PROMPT:
Look below for the line holding "triangle inequality of" and the line holding "w \<le> \<kappa> then". Transcribe exactly those lines and all lines between them, nothing more.
--
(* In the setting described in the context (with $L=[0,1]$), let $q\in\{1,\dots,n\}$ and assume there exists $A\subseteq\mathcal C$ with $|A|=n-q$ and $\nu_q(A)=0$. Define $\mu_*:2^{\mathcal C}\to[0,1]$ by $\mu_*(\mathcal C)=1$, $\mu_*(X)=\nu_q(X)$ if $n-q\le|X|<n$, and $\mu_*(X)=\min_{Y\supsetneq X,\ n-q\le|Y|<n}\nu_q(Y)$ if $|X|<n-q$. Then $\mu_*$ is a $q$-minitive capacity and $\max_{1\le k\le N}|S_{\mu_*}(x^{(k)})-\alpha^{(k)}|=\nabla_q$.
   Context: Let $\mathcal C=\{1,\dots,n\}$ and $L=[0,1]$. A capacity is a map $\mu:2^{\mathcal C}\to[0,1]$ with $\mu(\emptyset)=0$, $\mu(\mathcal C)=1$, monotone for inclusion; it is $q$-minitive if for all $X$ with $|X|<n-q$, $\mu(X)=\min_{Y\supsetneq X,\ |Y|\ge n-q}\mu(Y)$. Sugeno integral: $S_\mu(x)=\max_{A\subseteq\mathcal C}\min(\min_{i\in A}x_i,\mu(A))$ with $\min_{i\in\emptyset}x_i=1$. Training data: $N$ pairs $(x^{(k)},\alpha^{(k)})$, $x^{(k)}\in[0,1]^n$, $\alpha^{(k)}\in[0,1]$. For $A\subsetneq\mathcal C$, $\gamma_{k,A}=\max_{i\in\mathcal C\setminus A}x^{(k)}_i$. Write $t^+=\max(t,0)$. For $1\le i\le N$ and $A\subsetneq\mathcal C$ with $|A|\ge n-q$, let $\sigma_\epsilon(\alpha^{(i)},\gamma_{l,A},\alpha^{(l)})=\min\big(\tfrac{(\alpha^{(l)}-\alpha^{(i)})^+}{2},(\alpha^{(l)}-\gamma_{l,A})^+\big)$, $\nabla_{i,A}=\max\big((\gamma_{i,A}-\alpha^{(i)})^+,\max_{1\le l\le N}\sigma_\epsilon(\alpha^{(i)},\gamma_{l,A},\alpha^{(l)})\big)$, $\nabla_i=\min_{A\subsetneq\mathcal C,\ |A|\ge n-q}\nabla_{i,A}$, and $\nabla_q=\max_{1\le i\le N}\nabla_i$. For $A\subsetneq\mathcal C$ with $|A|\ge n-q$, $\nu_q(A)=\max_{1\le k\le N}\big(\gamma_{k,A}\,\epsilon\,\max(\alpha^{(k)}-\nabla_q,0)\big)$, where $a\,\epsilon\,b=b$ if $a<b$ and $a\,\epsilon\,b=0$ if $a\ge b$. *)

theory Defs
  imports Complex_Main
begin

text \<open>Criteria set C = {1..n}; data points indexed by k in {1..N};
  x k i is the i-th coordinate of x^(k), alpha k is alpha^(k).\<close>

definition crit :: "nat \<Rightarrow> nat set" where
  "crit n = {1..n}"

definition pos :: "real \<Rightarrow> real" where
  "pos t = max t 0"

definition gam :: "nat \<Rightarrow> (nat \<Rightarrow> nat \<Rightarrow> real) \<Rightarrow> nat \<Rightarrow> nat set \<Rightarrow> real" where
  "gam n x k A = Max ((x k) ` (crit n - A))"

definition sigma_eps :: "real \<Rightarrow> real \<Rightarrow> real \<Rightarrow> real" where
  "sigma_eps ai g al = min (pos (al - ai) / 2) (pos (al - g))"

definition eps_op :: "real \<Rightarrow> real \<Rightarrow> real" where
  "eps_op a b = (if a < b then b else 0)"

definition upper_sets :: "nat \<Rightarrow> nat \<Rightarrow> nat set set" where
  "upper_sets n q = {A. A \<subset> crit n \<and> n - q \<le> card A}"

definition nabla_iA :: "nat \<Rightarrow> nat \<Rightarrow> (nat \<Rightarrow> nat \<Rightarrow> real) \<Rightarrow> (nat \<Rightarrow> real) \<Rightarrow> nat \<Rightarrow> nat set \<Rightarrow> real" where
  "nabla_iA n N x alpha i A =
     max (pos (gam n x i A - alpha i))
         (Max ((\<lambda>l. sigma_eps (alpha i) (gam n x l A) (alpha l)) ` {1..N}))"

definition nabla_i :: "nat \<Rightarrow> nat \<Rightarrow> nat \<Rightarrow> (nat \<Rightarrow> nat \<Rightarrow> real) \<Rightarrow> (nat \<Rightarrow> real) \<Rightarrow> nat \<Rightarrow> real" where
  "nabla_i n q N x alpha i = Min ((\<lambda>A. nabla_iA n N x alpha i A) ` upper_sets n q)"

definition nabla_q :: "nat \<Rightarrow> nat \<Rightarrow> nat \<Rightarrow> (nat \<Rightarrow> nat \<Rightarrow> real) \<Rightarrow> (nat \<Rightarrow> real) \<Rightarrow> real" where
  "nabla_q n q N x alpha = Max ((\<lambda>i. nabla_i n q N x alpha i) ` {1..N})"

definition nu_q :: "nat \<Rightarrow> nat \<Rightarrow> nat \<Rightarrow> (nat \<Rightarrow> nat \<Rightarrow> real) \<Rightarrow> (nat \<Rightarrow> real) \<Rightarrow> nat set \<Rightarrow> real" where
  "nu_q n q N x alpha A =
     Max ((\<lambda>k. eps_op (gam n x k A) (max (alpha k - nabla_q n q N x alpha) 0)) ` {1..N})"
--
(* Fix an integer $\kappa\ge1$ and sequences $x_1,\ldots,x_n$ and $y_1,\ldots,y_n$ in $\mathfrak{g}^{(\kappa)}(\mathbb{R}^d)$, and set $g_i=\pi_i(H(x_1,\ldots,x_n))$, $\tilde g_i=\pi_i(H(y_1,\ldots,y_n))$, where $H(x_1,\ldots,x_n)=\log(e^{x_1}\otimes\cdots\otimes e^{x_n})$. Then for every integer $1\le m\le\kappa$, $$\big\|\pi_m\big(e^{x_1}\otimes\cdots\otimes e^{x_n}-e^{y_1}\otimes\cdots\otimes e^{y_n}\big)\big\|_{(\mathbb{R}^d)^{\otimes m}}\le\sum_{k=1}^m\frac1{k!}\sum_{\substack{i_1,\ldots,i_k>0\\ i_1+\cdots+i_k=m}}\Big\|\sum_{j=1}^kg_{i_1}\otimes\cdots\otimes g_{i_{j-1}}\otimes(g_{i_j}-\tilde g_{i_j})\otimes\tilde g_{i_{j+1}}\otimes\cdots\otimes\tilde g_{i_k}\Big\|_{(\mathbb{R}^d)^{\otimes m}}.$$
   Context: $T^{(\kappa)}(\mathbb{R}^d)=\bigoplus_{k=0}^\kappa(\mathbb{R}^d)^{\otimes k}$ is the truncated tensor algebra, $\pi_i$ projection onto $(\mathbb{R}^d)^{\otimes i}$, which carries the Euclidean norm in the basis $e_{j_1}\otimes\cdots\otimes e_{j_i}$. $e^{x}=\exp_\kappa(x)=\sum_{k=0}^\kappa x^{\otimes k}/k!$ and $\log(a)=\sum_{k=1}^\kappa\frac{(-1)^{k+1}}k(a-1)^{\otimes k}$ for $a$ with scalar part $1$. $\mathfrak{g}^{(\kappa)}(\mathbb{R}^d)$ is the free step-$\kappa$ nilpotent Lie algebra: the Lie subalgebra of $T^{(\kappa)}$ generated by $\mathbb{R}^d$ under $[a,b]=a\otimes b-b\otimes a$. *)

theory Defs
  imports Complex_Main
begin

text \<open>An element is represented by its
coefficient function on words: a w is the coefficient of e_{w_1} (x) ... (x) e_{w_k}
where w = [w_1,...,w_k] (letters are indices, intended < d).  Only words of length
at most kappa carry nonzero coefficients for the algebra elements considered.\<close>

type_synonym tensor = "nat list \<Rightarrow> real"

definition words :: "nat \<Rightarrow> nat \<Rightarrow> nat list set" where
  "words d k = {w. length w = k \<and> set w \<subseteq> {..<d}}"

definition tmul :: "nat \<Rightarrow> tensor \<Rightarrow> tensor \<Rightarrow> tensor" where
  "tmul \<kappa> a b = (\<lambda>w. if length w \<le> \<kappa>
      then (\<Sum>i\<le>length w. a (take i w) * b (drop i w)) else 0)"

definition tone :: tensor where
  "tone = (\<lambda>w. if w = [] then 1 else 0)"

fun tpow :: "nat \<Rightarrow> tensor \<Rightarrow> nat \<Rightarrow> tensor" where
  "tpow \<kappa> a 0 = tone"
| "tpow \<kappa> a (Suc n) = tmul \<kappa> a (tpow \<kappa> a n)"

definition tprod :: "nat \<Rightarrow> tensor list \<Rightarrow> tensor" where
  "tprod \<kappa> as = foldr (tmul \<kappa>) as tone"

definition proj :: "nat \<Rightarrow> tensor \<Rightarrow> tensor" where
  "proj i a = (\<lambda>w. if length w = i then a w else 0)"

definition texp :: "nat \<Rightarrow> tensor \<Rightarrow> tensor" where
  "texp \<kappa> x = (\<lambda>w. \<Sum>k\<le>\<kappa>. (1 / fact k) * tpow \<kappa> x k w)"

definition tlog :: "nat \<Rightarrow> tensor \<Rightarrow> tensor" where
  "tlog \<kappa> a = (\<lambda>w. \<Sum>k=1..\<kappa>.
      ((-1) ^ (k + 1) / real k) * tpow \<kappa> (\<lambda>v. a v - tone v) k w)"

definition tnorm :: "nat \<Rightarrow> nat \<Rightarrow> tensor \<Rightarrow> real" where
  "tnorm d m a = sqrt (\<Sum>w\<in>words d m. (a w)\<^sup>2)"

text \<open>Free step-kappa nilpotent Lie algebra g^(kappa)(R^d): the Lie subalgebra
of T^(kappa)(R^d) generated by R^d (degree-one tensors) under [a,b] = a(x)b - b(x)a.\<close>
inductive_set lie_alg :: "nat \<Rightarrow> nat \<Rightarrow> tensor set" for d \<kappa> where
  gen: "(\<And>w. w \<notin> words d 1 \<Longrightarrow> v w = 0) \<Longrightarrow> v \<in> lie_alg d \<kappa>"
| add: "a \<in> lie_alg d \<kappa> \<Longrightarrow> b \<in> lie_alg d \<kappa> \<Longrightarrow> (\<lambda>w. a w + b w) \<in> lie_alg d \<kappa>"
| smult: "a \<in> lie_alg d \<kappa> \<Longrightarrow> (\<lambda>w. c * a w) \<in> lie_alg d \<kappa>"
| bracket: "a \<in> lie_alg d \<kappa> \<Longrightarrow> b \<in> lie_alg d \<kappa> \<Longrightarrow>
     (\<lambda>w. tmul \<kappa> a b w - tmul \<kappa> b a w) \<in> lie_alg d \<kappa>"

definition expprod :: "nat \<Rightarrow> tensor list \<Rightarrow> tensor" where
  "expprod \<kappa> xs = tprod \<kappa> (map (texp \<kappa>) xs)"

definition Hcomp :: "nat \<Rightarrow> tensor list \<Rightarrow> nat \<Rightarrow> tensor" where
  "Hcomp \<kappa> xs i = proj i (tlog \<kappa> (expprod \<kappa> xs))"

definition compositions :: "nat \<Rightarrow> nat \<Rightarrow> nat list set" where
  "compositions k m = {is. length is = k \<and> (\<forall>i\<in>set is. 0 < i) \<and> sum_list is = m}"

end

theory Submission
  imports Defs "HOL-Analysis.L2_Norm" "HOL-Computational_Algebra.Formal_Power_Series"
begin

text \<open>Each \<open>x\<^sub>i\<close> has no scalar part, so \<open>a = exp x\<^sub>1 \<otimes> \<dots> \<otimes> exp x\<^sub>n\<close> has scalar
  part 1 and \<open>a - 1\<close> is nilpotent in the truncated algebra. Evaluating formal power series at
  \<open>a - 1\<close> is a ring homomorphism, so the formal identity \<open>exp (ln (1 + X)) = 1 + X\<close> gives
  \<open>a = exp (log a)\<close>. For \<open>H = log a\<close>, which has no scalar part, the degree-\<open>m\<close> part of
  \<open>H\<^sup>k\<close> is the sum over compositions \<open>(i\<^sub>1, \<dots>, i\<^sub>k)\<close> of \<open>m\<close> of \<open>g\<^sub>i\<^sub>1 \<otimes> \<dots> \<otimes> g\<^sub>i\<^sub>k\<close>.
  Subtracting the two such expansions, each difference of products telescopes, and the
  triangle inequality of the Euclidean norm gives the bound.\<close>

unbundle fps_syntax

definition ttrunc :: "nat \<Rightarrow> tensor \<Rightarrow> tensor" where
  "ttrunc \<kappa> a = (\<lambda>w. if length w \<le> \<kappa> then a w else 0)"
--
SOLUTION FOR THIS PROBLEM:
  triangle inequality of the Euclidean norm gives the bound.\<close>

unbundle fps_syntax

definition ttrunc :: "nat \<Rightarrow> tensor \<Rightarrow> tensor" where
  "ttrunc \<kappa> a = (\<lambda>w. if length w \<le> \<kappa> then a w else 0)"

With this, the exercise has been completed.